# DESCRIPTION OF THE TASK
Using the records provided below, locate and copy each line that contains the word "sets".

Dataset records:
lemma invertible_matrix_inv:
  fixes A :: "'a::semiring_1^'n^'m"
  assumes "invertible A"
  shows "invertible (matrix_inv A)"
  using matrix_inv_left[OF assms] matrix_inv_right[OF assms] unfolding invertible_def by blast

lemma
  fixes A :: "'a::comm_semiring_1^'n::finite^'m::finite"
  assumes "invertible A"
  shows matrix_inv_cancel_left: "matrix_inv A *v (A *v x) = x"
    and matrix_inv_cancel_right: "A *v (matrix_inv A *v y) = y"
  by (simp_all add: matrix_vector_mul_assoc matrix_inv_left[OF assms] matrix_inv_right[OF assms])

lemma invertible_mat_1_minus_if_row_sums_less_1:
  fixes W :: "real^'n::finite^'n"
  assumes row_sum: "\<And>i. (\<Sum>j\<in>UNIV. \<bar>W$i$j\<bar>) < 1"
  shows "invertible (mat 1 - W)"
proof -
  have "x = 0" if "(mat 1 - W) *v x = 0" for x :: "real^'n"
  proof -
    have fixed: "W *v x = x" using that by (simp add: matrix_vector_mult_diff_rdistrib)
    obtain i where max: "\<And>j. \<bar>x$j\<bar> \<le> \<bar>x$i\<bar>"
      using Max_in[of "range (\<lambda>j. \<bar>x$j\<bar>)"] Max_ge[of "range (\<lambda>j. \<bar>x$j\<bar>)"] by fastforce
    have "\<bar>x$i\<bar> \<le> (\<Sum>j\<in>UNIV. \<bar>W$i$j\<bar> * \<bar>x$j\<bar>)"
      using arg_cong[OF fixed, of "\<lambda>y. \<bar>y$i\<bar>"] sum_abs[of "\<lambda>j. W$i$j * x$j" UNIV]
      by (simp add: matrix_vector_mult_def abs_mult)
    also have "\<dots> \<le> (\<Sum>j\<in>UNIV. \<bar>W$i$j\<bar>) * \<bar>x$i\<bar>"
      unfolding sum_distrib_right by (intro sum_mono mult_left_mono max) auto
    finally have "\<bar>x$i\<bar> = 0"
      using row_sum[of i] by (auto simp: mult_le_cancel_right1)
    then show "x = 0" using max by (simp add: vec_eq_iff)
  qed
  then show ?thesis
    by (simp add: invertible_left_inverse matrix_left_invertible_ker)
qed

...

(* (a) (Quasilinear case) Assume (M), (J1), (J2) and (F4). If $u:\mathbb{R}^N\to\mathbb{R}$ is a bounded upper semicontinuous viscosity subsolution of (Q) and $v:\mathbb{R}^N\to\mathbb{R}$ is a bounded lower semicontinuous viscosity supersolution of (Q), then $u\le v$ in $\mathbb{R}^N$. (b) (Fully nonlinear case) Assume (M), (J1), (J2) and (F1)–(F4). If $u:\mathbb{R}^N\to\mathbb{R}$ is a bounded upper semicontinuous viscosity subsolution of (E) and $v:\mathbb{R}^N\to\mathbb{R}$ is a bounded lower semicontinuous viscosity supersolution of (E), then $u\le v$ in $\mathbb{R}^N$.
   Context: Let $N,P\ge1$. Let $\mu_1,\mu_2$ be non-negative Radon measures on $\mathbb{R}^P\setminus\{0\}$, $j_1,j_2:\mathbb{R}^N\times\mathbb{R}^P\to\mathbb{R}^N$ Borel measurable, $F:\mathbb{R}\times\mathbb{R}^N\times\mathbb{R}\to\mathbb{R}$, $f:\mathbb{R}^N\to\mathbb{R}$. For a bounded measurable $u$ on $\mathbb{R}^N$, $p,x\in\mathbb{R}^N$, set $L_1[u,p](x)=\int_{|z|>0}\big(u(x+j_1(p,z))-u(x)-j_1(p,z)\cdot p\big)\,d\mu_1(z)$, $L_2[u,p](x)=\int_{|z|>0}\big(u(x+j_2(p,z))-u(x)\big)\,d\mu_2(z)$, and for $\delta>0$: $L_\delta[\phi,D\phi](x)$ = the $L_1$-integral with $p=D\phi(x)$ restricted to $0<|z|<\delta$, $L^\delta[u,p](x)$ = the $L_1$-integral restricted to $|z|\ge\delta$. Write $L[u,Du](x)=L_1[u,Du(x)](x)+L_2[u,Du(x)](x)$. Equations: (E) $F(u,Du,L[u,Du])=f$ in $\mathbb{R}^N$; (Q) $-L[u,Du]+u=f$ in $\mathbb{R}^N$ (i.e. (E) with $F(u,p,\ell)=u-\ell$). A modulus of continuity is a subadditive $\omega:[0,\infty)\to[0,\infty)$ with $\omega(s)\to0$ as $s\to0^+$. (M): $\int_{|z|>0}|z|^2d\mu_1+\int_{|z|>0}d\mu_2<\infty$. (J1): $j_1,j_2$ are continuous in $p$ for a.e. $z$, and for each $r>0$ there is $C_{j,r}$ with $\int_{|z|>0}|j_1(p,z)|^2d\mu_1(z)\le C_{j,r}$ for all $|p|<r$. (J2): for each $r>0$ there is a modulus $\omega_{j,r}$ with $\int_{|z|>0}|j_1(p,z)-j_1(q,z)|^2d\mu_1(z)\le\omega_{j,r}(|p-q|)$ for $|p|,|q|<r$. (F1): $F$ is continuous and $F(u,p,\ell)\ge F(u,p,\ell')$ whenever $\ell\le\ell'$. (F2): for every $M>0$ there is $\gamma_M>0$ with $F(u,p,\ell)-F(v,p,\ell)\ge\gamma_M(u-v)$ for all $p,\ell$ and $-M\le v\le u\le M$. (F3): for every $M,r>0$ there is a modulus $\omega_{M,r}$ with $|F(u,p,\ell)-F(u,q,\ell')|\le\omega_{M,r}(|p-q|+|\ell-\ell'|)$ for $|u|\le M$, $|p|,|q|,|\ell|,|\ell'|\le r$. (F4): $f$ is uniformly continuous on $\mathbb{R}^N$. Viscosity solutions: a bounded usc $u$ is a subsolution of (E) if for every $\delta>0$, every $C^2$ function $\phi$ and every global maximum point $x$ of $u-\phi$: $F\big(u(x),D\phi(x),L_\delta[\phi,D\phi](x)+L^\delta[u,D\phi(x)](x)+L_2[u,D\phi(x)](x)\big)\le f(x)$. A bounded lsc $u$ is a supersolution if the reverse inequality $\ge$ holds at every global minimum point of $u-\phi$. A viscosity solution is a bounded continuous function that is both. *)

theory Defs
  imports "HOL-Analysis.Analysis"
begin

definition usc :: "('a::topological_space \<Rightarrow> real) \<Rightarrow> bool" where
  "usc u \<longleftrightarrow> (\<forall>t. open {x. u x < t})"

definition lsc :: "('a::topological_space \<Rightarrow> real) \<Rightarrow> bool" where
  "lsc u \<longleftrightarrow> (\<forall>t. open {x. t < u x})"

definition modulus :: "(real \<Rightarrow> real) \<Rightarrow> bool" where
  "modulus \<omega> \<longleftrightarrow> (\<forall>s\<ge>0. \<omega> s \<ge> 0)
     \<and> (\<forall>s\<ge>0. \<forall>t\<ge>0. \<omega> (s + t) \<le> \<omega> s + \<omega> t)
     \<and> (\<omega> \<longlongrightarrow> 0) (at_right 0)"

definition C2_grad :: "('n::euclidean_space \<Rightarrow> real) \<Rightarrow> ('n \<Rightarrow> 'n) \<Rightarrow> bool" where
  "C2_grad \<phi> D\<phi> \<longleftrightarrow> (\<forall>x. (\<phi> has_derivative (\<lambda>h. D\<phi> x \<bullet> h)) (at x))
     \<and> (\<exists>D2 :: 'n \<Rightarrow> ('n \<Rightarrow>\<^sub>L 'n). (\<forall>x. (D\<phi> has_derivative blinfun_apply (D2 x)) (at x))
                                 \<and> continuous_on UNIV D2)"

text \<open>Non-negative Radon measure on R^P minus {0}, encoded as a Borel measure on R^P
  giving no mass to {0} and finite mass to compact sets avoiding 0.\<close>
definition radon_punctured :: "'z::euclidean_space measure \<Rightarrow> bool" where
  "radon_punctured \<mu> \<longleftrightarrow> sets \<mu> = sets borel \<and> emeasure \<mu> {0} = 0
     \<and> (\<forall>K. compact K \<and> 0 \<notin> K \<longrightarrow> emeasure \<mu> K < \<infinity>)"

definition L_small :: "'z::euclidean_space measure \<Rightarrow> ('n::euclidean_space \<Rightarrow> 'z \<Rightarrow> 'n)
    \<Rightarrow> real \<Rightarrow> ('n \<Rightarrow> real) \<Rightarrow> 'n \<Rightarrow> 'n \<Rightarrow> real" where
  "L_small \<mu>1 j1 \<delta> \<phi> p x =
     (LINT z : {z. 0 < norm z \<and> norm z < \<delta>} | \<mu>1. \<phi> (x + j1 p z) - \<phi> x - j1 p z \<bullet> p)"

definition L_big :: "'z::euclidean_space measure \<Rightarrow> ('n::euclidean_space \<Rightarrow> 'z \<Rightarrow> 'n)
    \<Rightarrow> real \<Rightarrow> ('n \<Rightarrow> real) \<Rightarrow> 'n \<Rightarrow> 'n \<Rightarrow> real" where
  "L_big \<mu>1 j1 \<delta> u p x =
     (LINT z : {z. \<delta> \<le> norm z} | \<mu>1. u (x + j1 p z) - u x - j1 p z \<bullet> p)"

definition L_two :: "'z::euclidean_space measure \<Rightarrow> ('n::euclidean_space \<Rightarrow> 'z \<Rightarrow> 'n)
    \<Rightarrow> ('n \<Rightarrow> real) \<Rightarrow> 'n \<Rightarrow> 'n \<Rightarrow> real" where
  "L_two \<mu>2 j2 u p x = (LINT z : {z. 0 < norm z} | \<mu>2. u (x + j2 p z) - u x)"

# WRITTEN ANSWER
  giving no mass to {0} and finite mass to compact sets avoiding 0.\<close>
  "radon_punctured \<mu> \<longleftrightarrow> sets \<mu> = sets borel \<and> emeasure \<mu> {0} = 0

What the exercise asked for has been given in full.